> **TO DO**
For the string "also", search the entries below and copy every line where it appears.

> **MATERIAL FOR THIS EXERCISE**
locale deterministic_generator =
  fixes Q :: "'q measure" and D :: "'d measure"
    and f :: "'q \<Rightarrow> 'q" and g :: "'q \<Rightarrow> 'd" and T :: "'q \<Rightarrow> ('q \<times> 'd) measure"
  assumes f_measurable: "f \<in> Q \<rightarrow>\<^sub>M Q" and g_measurable: "g \<in> Q \<rightarrow>\<^sub>M D"
    and T_eq_return: "\<And>x. T x = return (Q \<Otimes>\<^sub>M D) (f x, g (f x))"
begin

text \<open>Index \<open>i\<close> carries the output \<open>y\<^sub>i\<^sub>+\<^sub>1\<close>, shifted as in \<^const>\<open>gen_P\<close>.\<close>
definition output_seq :: "'q \<Rightarrow> nat \<Rightarrow> 'd" where
  "output_seq x i = g ((f ^^ Suc i) x)"

lemma output_seq_0: "output_seq x 0 = g (f x)"
  by (simp add: output_seq_def)

lemma output_seq_Suc: "output_seq x (Suc i) = output_seq (f x) i"
  unfolding output_seq_def by (simp only: funpow_Suc_right comp_def)

lemma measurable_output_seq: "(\<lambda>x. output_seq x i) \<in> Q \<rightarrow>\<^sub>M D"
  unfolding output_seq_def using measurable_comp[OF measurable_compose_n[OF f_measurable] g_measurable]
  by (simp only: comp_def)

lemma output_seq_in_space: "x \<in> space Q \<Longrightarrow> output_seq x \<in> space (\<Pi>\<^sub>M i\<in>UNIV. D)"
  using measurable_space[OF measurable_output_seq] by (auto simp: space_PiM)

lemma output_seq_cylinder_in_sets:
  assumes "\<forall>i<n. B i \<in> sets D"
  shows "{x \<in> space Q. \<forall>i<n. output_seq x i \<in> B i} \<in> sets Q"
  by (rule sets_Collect_all_less[OF measurable_output_seq]) (use assms in auto)

definition output_generators :: "'q set set" where
  "output_generators = {(\<lambda>x. output_seq x i) -` B \<inter> space Q | i B. B \<in> sets D}"

definition output_algebra :: "'q set set" where
  "output_algebra = sigma_sets (space Q) output_generators"

lemma output_generators_subset_sets: "output_generators \<subseteq> sets Q"
  unfolding output_generators_def using measurable_output_seq by (auto intro: measurable_sets)

lemma sigma_algebra_output_algebra: "sigma_algebra (space Q) output_algebra"
  unfolding output_algebra_def using output_generators_subset_sets sets.sets_into_space
  by (intro sigma_algebra_sigma_sets) blast

lemma sets_sigma_output_algebra: "sets (sigma (space Q) output_algebra) = output_algebra"
  using sigma_algebra_output_algebra by (rule sigma_algebra.sets_measure_of_eq)

lemma emeasure_T: "C \<in> sets (Q \<Otimes>\<^sub>M D) \<Longrightarrow> emeasure (T x) C = indicator C (f x, g (f x))"
  by (simp add: T_eq_return)

lemma sigma_admissible_iff_measurable:
  "sigma_admissible Q T D A \<longleftrightarrow> sigma_algebra (space Q) A \<and> A \<subseteq> sets Q \<and>
     f \<in> sigma (space Q) A \<rightarrow>\<^sub>M sigma (space Q) A \<and> (\<lambda>x. g (f x)) \<in> sigma (space Q) A \<rightarrow>\<^sub>M D"
proof -
  have "(\<forall>C \<in> sets (sigma (space Q) A \<Otimes>\<^sub>M D).
          (\<lambda>x. emeasure (T x) C) \<in> borel_measurable (sigma (space Q) A)) \<longleftrightarrow>
        (\<lambda>x. (f x, g (f x))) \<in> sigma (space Q) A \<rightarrow>\<^sub>M sigma (space Q) A \<Otimes>\<^sub>M D"
    if A: "sigma_algebra (space Q) A" "A \<subseteq> sets Q"
  proof -
    have sets_A: "sets (sigma (space Q) A) = A"
      using A(1) by (rule sigma_algebra.sets_measure_of_eq)
    have sets_le: "sets (sigma (space Q) A \<Otimes>\<^sub>M D) \<subseteq> sets (Q \<Otimes>\<^sub>M D)"
      using A(2) by (intro sets_pair_measure_subset) (simp_all add: sets_A space_measure_of_conv)
    have "(\<lambda>x. emeasure (T x) C) \<in> borel_measurable (sigma (space Q) A) \<longleftrightarrow>
        (\<lambda>x. (f x, g (f x))) -` C \<inter> space Q \<in> A"
      if "C \<in> sets (sigma (space Q) A \<Otimes>\<^sub>M D)" for C
    proof -
      have "C \<in> sets (Q \<Otimes>\<^sub>M D)"
        using sets_le that by blast
      then have "(\<lambda>x. emeasure (T x) C) = indicator ((\<lambda>x. (f x, g (f x))) -` C)"
        by (simp add: emeasure_T fun_eq_iff split: split_indicator)
      then show ?thesis
        by (simp add: borel_measurable_indicator_iff sets_A space_measure_of_conv)
    qed
    moreover have "(\<lambda>x. (f x, g (f x))) \<in> space Q \<rightarrow> space (sigma (space Q) A \<Otimes>\<^sub>M D)"
      using measurable_space[OF f_measurable] measurable_space[OF g_measurable]
      by (auto simp: space_pair_measure space_measure_of_conv)
    ultimately show ?thesis
      unfolding measurable_def sets_A space_measure_of_conv by blast
  qed
  then show ?thesis
    unfolding sigma_admissible_def measurable_Pair_iff by blast
qed

lemma f_measurable_output_algebra:
  "f \<in> sigma (space Q) output_algebra \<rightarrow>\<^sub>M sigma (space Q) output_algebra"
proof (rule measurable_sigma_sets)
  show "sets (sigma (space Q) output_algebra) = sigma_sets (space Q) output_generators"
    unfolding sets_sigma_output_algebra by (simp only: output_algebra_def)
  show "output_generators \<subseteq> Pow (space Q)"
    using output_generators_subset_sets sets.sets_into_space by blast
  show "f \<in> space (sigma (space Q) output_algebra) \<rightarrow> space Q"
    using measurable_space[OF f_measurable] by (auto simp: space_measure_of_conv)
  fix S assume "S \<in> output_generators"
  then obtain i B where "S = (\<lambda>x. output_seq x i) -` B \<inter> space Q" "B \<in> sets D"
    unfolding output_generators_def by blast
  then have "f -` S \<inter> space (sigma (space Q) output_algebra) = (\<lambda>x. output_seq x (Suc i)) -` B \<inter> space Q"
    using measurable_space[OF f_measurable] by (auto simp: output_seq_Suc space_measure_of_conv)
  also have "\<dots> \<in> sets (sigma (space Q) output_algebra)"
    unfolding sets_sigma_output_algebra unfolding output_algebra_def output_generators_def
    by (rule sigma_sets.Basic) (use \<open>B \<in> sets D\<close> in blast)
  finally show "f -` S \<inter> space (sigma (space Q) output_algebra) \<in> sets (sigma (space Q) output_algebra)" .
qed

lemma first_output_measurable_output_algebra:
  "(\<lambda>x. g (f x)) \<in> sigma (space Q) output_algebra \<rightarrow>\<^sub>M D"
proof (rule measurableI)
  show "g (f x) \<in> space D" if "x \<in> space (sigma (space Q) output_algebra)" for x
    using that measurable_space[OF f_measurable] measurable_space[OF g_measurable]
    by (auto simp: space_measure_of_conv)
  fix B assume "B \<in> sets D"
  have "(\<lambda>x. output_seq x 0) -` B \<inter> space Q \<in> output_algebra"
    unfolding output_algebra_def output_generators_def
    by (rule sigma_sets.Basic) (use \<open>B \<in> sets D\<close> in blast)
  then show "(\<lambda>x. g (f x)) -` B \<inter> space (sigma (space Q) output_algebra) \<in> sets (sigma (space Q) output_algebra)"
    by (simp add: output_seq_0 sets_sigma_output_algebra space_measure_of_conv)
qed

lemma output_algebra_admissible: "sigma_admissible Q T D output_algebra"
proof -
  have "output_algebra \<subseteq> sets Q"
    unfolding output_algebra_def using output_generators_subset_sets by (rule sets.sigma_sets_subset)
  then show ?thesis
    using sigma_algebra_output_algebra f_measurable_output_algebra first_output_measurable_output_algebra
    by (simp add: sigma_admissible_iff_measurable)
qed

lemma output_algebra_subset_admissible:
  assumes "sigma_admissible Q T D A"
  shows "output_algebra \<subseteq> A"
proof -
  let ?M = "sigma (space Q) A"
  have A: "sigma_algebra (space Q) A" and f: "f \<in> ?M \<rightarrow>\<^sub>M ?M" and gf: "(\<lambda>x. g (f x)) \<in> ?M \<rightarrow>\<^sub>M D"
    using assms by (simp_all add: sigma_admissible_iff_measurable)
  have "(\<lambda>x. output_seq x i) \<in> ?M \<rightarrow>\<^sub>M D" for i
    using measurable_comp[OF measurable_compose_n[OF f, of i] gf]
    unfolding output_seq_def by (simp only: comp_def funpow.simps(2))
  then have "output_generators \<subseteq> A"
    unfolding output_generators_def using sigma_algebra.sets_measure_of_eq[OF A]
    by (force simp: space_measure_of_conv dest: measurable_sets)
  then show ?thesis
    unfolding output_algebra_def by (rule sigma_algebra.sigma_sets_subset[OF A])
qed

lemma sigma_Q_eq_output_algebra: "sigma_Q Q T D = output_algebra"
  unfolding sigma_Q_def
  using output_algebra_admissible output_algebra_subset_admissible
  by (intro the_equality) (auto intro: subset_antisym)

lemma gen_W_eq_indicator:
  assumes "x \<in> space Q" "\<forall>i<n. B i \<in> sets D"
  shows "gen_W (space Q) T n B x = indicator {y \<in> space Q. \<forall>i<n. output_seq y i \<in> B i} x"
  using assms
proof (induction n arbitrary: B x)
  case 0
  then show ?case by simp
next
  case (Suc n)
  let ?C = "{y \<in> space Q. \<forall>i<n. output_seq y i \<in> B (Suc i)}"
  have C: "?C \<times> B 0 \<in> sets (Q \<Otimes>\<^sub>M D)"
    using Suc.prems(2) by (intro pair_measureI output_seq_cylinder_in_sets) auto
  have "gen_W (space Q) T (Suc n) B x = (\<integral>\<^sup>+z. indicator (?C \<times> B 0) z \<partial>T x)"
  proof (simp, rule nn_integral_cong)
    fix z assume "z \<in> space (T x)"
    then have "fst z \<in> space Q"
      by (auto simp: T_eq_return space_pair_measure)
    then show "indicator (space Q \<times> B 0) z * gen_W (space Q) T n (\<lambda>i. B (Suc i)) (fst z) =
        indicator (?C \<times> B 0) z"
      using Suc.prems(2) by (simp add: Suc.IH indicator_def mem_Times_iff)
  qed
  also have "\<dots> = emeasure (T x) (?C \<times> B 0)"
    using C by (intro nn_integral_indicator) (simp only: T_eq_return sets_return)
  also have "\<dots> = indicator (?C \<times> B 0) (f x, g (f x))"
    using C by (rule emeasure_T)
  also have "\<dots> = indicator {y \<in> space Q. \<forall>i<Suc n. output_seq y i \<in> B i} x"
    using Suc.prems(1) measurable_space[OF f_measurable]
    by (auto simp: indicator_def output_seq_0 output_seq_Suc All_less_Suc2)
  finally show ?case .
qed

lemma gen_P_return:
  assumes "x \<in> space Q" "\<forall>i<n. B i \<in> sets D"
  shows "gen_P Q T (return Q x) n B = indicator {y \<in> space Q. \<forall>i<n. output_seq y i \<in> B i} x"
proof -
  let ?C = "{y \<in> space Q. \<forall>i<n. output_seq y i \<in> B i}"
  have "gen_P Q T (return Q x) n B = (\<integral>\<^sup>+y. indicator ?C y \<partial>return Q x)"
    unfolding gen_P_def using assms(2) by (intro nn_integral_cong) (simp add: gen_W_eq_indicator)
  also have "\<dots> = emeasure (return Q x) ?C"
    using output_seq_cylinder_in_sets[OF assms(2)] by (intro nn_integral_indicator) (simp only: sets_return)
  also have "\<dots> = indicator ?C x"
    using output_seq_cylinder_in_sets[OF assms(2)] by (rule emeasure_return)
  finally show ?thesis .
qed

> **RESULT OF THIS EXERCISE**
  also have "\<dots> \<in> sets (sigma (space Q) output_algebra)"
  also have "\<dots> = emeasure (T x) (?C \<times> B 0)"
  also have "\<dots> = indicator (?C \<times> B 0) (f x, g (f x))"
  also have "\<dots> = indicator {y \<in> space Q. \<forall>i<Suc n. output_seq y i \<in> B i} x"
  also have "\<dots> = emeasure (return Q x) ?C"
  also have "\<dots> = indicator ?C x"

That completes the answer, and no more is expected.